WHAT IS NEEDED =
Each line of the records that holds "subseteq" should be shown in full.

Collected data entries
lemma cmod_eigenvalue_le_mat_opnorm:
  fixes M :: "complex^'n^'n"
  assumes "M *v v = a *s v" and "v \<noteq> 0"
  shows "cmod a \<le> mat_opnorm M"
proof -
  have "cmod a * norm v = norm (M *v v)"
    using assms(1) by (simp add: norm_vector_scalar_mult)
  also have "\<dots> \<le> mat_opnorm M * norm v"
    unfolding mat_opnorm_def by (rule onorm) simp
  finally show ?thesis
    using assms(2) by simp
qed

lemma psd_if_hermitian_square_eq_scaleR:
  fixes A :: "complex^'n^'n"
  assumes hermitian: "\<And>i k. cnj (A $ k $ i) = A $ i $ k"
    and square: "A ** A = D *\<^sub>R A" and D_pos: "D > 0"
  shows "psd A"
  unfolding psd_def Let_def
proof
  fix v :: "complex^'n"
  define w where "w = A *v v"
  define q where "q = (\<Sum>i\<in>UNIV. cnj (v $ i) * w $ i)"
  \<comment> \<open>|Av|^2 = v* A* A v = v* A^2 v = D v* A v\<close>
  have "complex_of_real (\<Sum>i\<in>UNIV. (cmod (w $ i))\<^sup>2) = (\<Sum>i\<in>UNIV. cnj (w $ i) * w $ i)"
    unfolding of_real_sum complex_norm_square by (simp add: mult.commute)
  also have "\<dots> = (\<Sum>i\<in>UNIV. \<Sum>k\<in>UNIV. cnj (v $ k) * A $ k $ i * w $ i)"
  proof -
    have "cnj (w $ i) = (\<Sum>k\<in>UNIV. cnj (v $ k) * A $ k $ i)" for i
      by (simp add: w_def matrix_vector_mult_def cnj_sum hermitian mult.commute)
    then show ?thesis
      by (simp add: sum_distrib_right)
  qed
  also have "\<dots> = (\<Sum>k\<in>UNIV. cnj (v $ k) * (A *v w) $ k)"
    by (subst sum.swap) (simp add: matrix_vector_mult_def sum_distrib_left mult_ac)
  also have "A *v w = (D *\<^sub>R A) *v v"
    by (simp add: w_def matrix_vector_mul_assoc square)
  also have "(\<Sum>k\<in>UNIV. cnj (v $ k) * ((D *\<^sub>R A) *v v) $ k) = complex_of_real D * q"
    by (simp add: q_def w_def matrix_vector_mult_def vector_scaleR_component
        scaleR_conv_of_real[where 'a=complex] sum_distrib_left mult_ac)
  finally have "q = complex_of_real ((\<Sum>i\<in>UNIV. (cmod (w $ i))\<^sup>2) / D)"
    using D_pos by (simp add: field_simps)
  moreover have "(\<Sum>i\<in>UNIV. (cmod (w $ i))\<^sup>2) / D \<ge> 0"
    using D_pos by (simp add: sum_nonneg)
  ultimately show "Im q = 0 \<and> 0 \<le> Re q"
    by simp
qed
lemma std_basis_walk_unit_equiv_Ustd:
  assumes onb: "\<And>m. onb2 (u m) (v m)" and const: "\<And>m. m \<noteq> 0 \<Longrightarrow> u m = u 1 \<and> v m = v 1"
  obtains r r0 \<nu>1 \<nu>2 where "0 \<le> r" "r \<le> 1" "0 \<le> r0" "r0 \<le> 1"
    "unit_equiv (walk_op (\<lambda>_. e1) (\<lambda>_. e2) u v) (Ustd r r0 \<nu>1 \<nu>2)"
proof -
  define r where "r = cmod (u 1 $ 1)"
  define r0 where "r0 = cmod (u 0 $ 1)"
  obtain \<alpha> \<beta> \<gamma> where r: "0 \<le> r" "r \<le> 1"
    and u1: "u 1 $ 1 = of_real r * cis \<alpha>" "u 1 $ 2 = of_real (sfun r) * cis \<beta>"
    and v1: "v 1 $ 1 = of_real (sfun r) * cis (\<gamma> - \<beta> + pi)" "v 1 $ 2 = of_real r * cis (\<gamma> - \<alpha>)"
    using onb2_polar[OF onb[of 1], folded r_def] by blast
  obtain \<alpha>0 \<beta>0 \<gamma>0 where r0: "0 \<le> r0" "r0 \<le> 1"
    and u0: "u 0 $ 1 = of_real r0 * cis \<alpha>0" "u 0 $ 2 = of_real (sfun r0) * cis \<beta>0"
    and v0: "v 0 $ 1 = of_real (sfun r0) * cis (\<gamma>0 - \<beta>0 + pi)" "v 0 $ 2 = of_real r0 * cis (\<gamma>0 - \<alpha>0)"
    using onb2_polar[OF onb[of 0], folded r0_def] by blast
  \<comment> \<open>Gauge phases of slope k with a jump across the defect; k and \<theta> make the bulk coin real.\<close>
  define k where "k = \<gamma> / 2 - \<alpha>"
  define \<theta> where "\<theta> = \<gamma> / 2"
  define t where "t n = of_int n * k + (if n < 0 then \<alpha>0 - \<alpha> else 0)" for n
  define f where "f n = t n + \<alpha> - \<beta> + (if n = 0 then \<alpha>0 - \<alpha> else 0)" for n
  define \<nu>1 where "\<nu>1 = \<beta>0 - \<beta>"
  define \<nu>2 where "\<nu>2 = \<beta> - \<beta>0 + \<gamma>0 - \<gamma>"
  have t_step: "t m = t (m - 1) + k" if "m \<noteq> 0" for m
    using that by (auto simp: t_def algebra_simps)
  have f_nz: "f m = t m + \<alpha> - \<beta>" if "m \<noteq> 0" for m
    using that by (simp add: f_def)
  have f_succ: "f (m + 1) = t m + k + \<alpha> - \<beta>" for m
    by (cases "m = -1") (auto simp: f_def t_def algebra_simps)
  have t_f_0: "t 0 = 0" "t (-1) = \<alpha>0 - \<alpha> - k" "f 0 = \<alpha>0 - \<beta>" "f 1 = k + \<alpha> - \<beta>"
    by (simp_all add: t_def f_def)
  have left: "vector [cis (t m - t (m - 1) - \<theta>) * u m $ 1, cis (f m - t (m - 1) - \<theta>) * u m $ 2] =
      Ustd_left r r0 \<nu>1 \<nu>2 m" for m
  proof (cases "m = 0")
    case True
    have "vector [cis (t 0 - t (0 - 1) - \<theta>) * u 0 $ 1, cis (f 0 - t (0 - 1) - \<theta>) * u 0 $ 2] =
        vector [of_real r0 * cis 0, of_real (sfun r0) * cis \<nu>1]"
      unfolding u0 by (rule vector_cis_mult_polar) (simp_all add: t_f_0 k_def \<theta>_def \<nu>1_def)
    then show ?thesis using True by (simp add: Ustd_left_def)
  next
    case False
    have "vector [cis (t m - t (m - 1) - \<theta>) * u 1 $ 1, cis (f m - t (m - 1) - \<theta>) * u 1 $ 2] =
        vector [of_real r * cis 0, of_real (sfun r) * cis 0]"
      unfolding u1 by (rule vector_cis_mult_polar)
        (simp_all add: t_step[OF False] f_nz[OF False] k_def \<theta>_def)
    then show ?thesis using False const[OF False] by (simp add: Ustd_left_def)
  qed
  have right: "vector [cis (t m - f (m + 1) - \<theta>) * v m $ 1, cis (f m - f (m + 1) - \<theta>) * v m $ 2] =
      Ustd_right r r0 \<nu>1 \<nu>2 m" for m
  proof (cases "m = 0")
    case True
    have "vector [cis (t 0 - f 1 - \<theta>) * v 0 $ 1, cis (f 0 - f 1 - \<theta>) * v 0 $ 2] =
        vector [of_real (sfun r0) * cis (\<nu>2 + pi), of_real r0 * cis (\<nu>1 + \<nu>2)]"
      unfolding v0 by (rule vector_cis_mult_polar) (simp_all add: t_f_0 k_def \<theta>_def \<nu>1_def \<nu>2_def)
    then show ?thesis using True by (simp add: Ustd_right_def)
  next
    case False
    have "vector [cis (t m - f (m + 1) - \<theta>) * v 1 $ 1, cis (f m - f (m + 1) - \<theta>) * v 1 $ 2] =
        vector [of_real (sfun r) * cis pi, of_real r * cis 0]"
      unfolding v1 by (rule vector_cis_mult_polar) (simp_all add: f_succ f_nz[OF False] k_def \<theta>_def)
    then show ?thesis using False const[OF False] by (simp add: Ustd_right_def)
  qed
  have "unit_equiv (walk_op (\<lambda>_. e1) (\<lambda>_. e2) u v) (Ustd r r0 \<nu>1 \<nu>2)"
    using unit_equiv_walk_op_frame[where a="\<lambda>_. e1" and b="\<lambda>_. e2" and c=u and d=v and t=t
        and f=f and \<theta>=\<theta>, OF onb2_e1_e2]
    by (simp add: Ustd_eq_walk_op left right)
  with r r0 show thesis by (rule that)
qed
(* Let $\Sigma=(X,U,F)$ be a system, $Q\subset X$ a controlled invariant set, and $V\subset U$ a finite cover of $Q$. Then $h_{inv}(Q)\le\log\rho(M_{Q,V})$, where $\rho$ denotes the spectral radius.
   Context: A system is a triple $\Sigma=(X,U,F)$ where $X,U$ are nonempty sets and $F:X\times U\rightrightarrows X$ is a set-valued map with $F(x,u)\neq\emptyset$ for all $(x,u)$; for $A\subset X$, $F(A,u)=\bigcup_{x\in A}F(x,u)$. $Q\subset X$ is controlled invariant if for every $x\in Q$ there is $u\in U$ with $F(x,u)\subset Q$. For $u\in U$ put $Q_u=\{x\in Q:F(x,u)\subset Q\}$. Elements of $U^n$ are written $\omega=\omega_0\cdots\omega_{n-1}$, $\omega_{[0,i]}=\omega_0\cdots\omega_i$. A set $S\subset U^n$ is an admissible family of length $n$ for $Q$ if (a) $\omega'_0=\omega''_0$ for all $\omega',\omega''\in S$, and (b) there exists $x\in Q$ such that for every $\omega\in S$, with $I^0_\omega(x)=\{x\}$: for all $i=0,\dots,n-2$, $F(I^i_\omega(x),\omega_i)\subset\bigcup_{\omega'\in S,\ \omega'_{[0,i]}=\omega_{[0,i]}}Q_{\omega'_{i+1}}$ and $I^{i+1}_\omega(x):=F(I^i_\omega(x),\omega_i)\cap Q_{\omega_{i+1}}\neq\emptyset$; and $I^n_\omega(x):=F(I^{n-1}_\omega(x),\omega_{n-1})\subset Q$. Let $AF^n(Q)$ be the set of such families and $Q_S$ the set of $x\in Q$ satisfying (b). A set $\mathscr{S}\subset U^n$ is $(n,Q)$-spanning if $Q\subset\bigcup_{S\subset\mathscr{S},\,S\in AF^n(Q)}Q_S$; $r_{inv}(n,Q)$ is the infimum of $\sharp\mathscr{S}$ over such sets, and $h_{inv}(Q)=\limsup_{n\to\infty}\frac1n\log r_{inv}(n,Q)$ ($\log$ base $2$). A set $V\subset U$ is a cover of $Q$ if $Q\subset\bigcup_{a\in V}Q_a$. The admissible matrix $M_{Q,V}=(M_{ab})_{a,b\in V}$ has $M_{ab}=1$ if there exists $x\in Q_a$ with $F(x,a)\cap Q_b\neq\emptyset$, and $M_{ab}=0$ otherwise. *)

theory Defs
  imports "Jordan_Normal_Form.Spectral_Radius" "HOL-Library.Extended_Real"
    "HOL-Library.Extended_Nat" "HOL-Library.Liminf_Limsup"
begin

text \<open>A system (X,U,F): states of type 'x (X = UNIV), controls of type 'u (U = UNIV),
  F :: 'x => 'u => 'x set, required to be nonempty-valued (see is_system).\<close>

definition is_system :: "('x \<Rightarrow> 'u \<Rightarrow> 'x set) \<Rightarrow> bool" where
  "is_system F \<longleftrightarrow> (\<forall>x u. F x u \<noteq> {})"

definition Fimg :: "('x \<Rightarrow> 'u \<Rightarrow> 'x set) \<Rightarrow> 'x set \<Rightarrow> 'u \<Rightarrow> 'x set" where
  "Fimg F A u = (\<Union>x\<in>A. F x u)"

definition controlled_invariant :: "('x \<Rightarrow> 'u \<Rightarrow> 'x set) \<Rightarrow> 'x set \<Rightarrow> bool" where
  "controlled_invariant F Q \<longleftrightarrow> (\<forall>x\<in>Q. \<exists>u. F x u \<subseteq> Q)"

definition Qu :: "('x \<Rightarrow> 'u \<Rightarrow> 'x set) \<Rightarrow> 'x set \<Rightarrow> 'u \<Rightarrow> 'x set" where
  "Qu F Q u = {x\<in>Q. F x u \<subseteq> Q}"

text \<open>The sets I^i_w(x) for i = 0,...,n-1 (words w are lists of length n,
  w ! i = w_i).\<close>
fun Iset :: "('x \<Rightarrow> 'u \<Rightarrow> 'x set) \<Rightarrow> 'x set \<Rightarrow> 'u list \<Rightarrow> 'x \<Rightarrow> nat \<Rightarrow> 'x set" where
  "Iset F Q w x 0 = {x}"
| "Iset F Q w x (Suc i) = Fimg F (Iset F Q w x i) (w ! i) \<inter> Qu F Q (w ! Suc i)"

definition adm_point :: "('x \<Rightarrow> 'u \<Rightarrow> 'x set) \<Rightarrow> 'x set \<Rightarrow> nat \<Rightarrow> 'u list set \<Rightarrow> 'x \<Rightarrow> bool" where
  "adm_point F Q n S x \<longleftrightarrow> x \<in> Q \<and>
     (\<forall>w\<in>S.
        (\<forall>i < n - 1.
           Fimg F (Iset F Q w x i) (w ! i)
             \<subseteq> (\<Union>w'\<in>{w'\<in>S. take (Suc i) w' = take (Suc i) w}. Qu F Q (w' ! Suc i))
           \<and> Iset F Q w x (Suc i) \<noteq> {})
        \<and> Fimg F (Iset F Q w x (n - 1)) (w ! (n - 1)) \<subseteq> Q)"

OUTPUT BELOW =
  "controlled_invariant F Q \<longleftrightarrow> (\<forall>x\<in>Q. \<exists>u. F x u \<subseteq> Q)"
  "Qu F Q u = {x\<in>Q. F x u \<subseteq> Q}"
             \<subseteq> (\<Union>w'\<in>{w'\<in>S. take (Suc i) w' = take (Suc i) w}. Qu F Q (w' ! Suc i))
        \<and> Fimg F (Iset F Q w x (n - 1)) (w ! (n - 1)) \<subseteq> Q)"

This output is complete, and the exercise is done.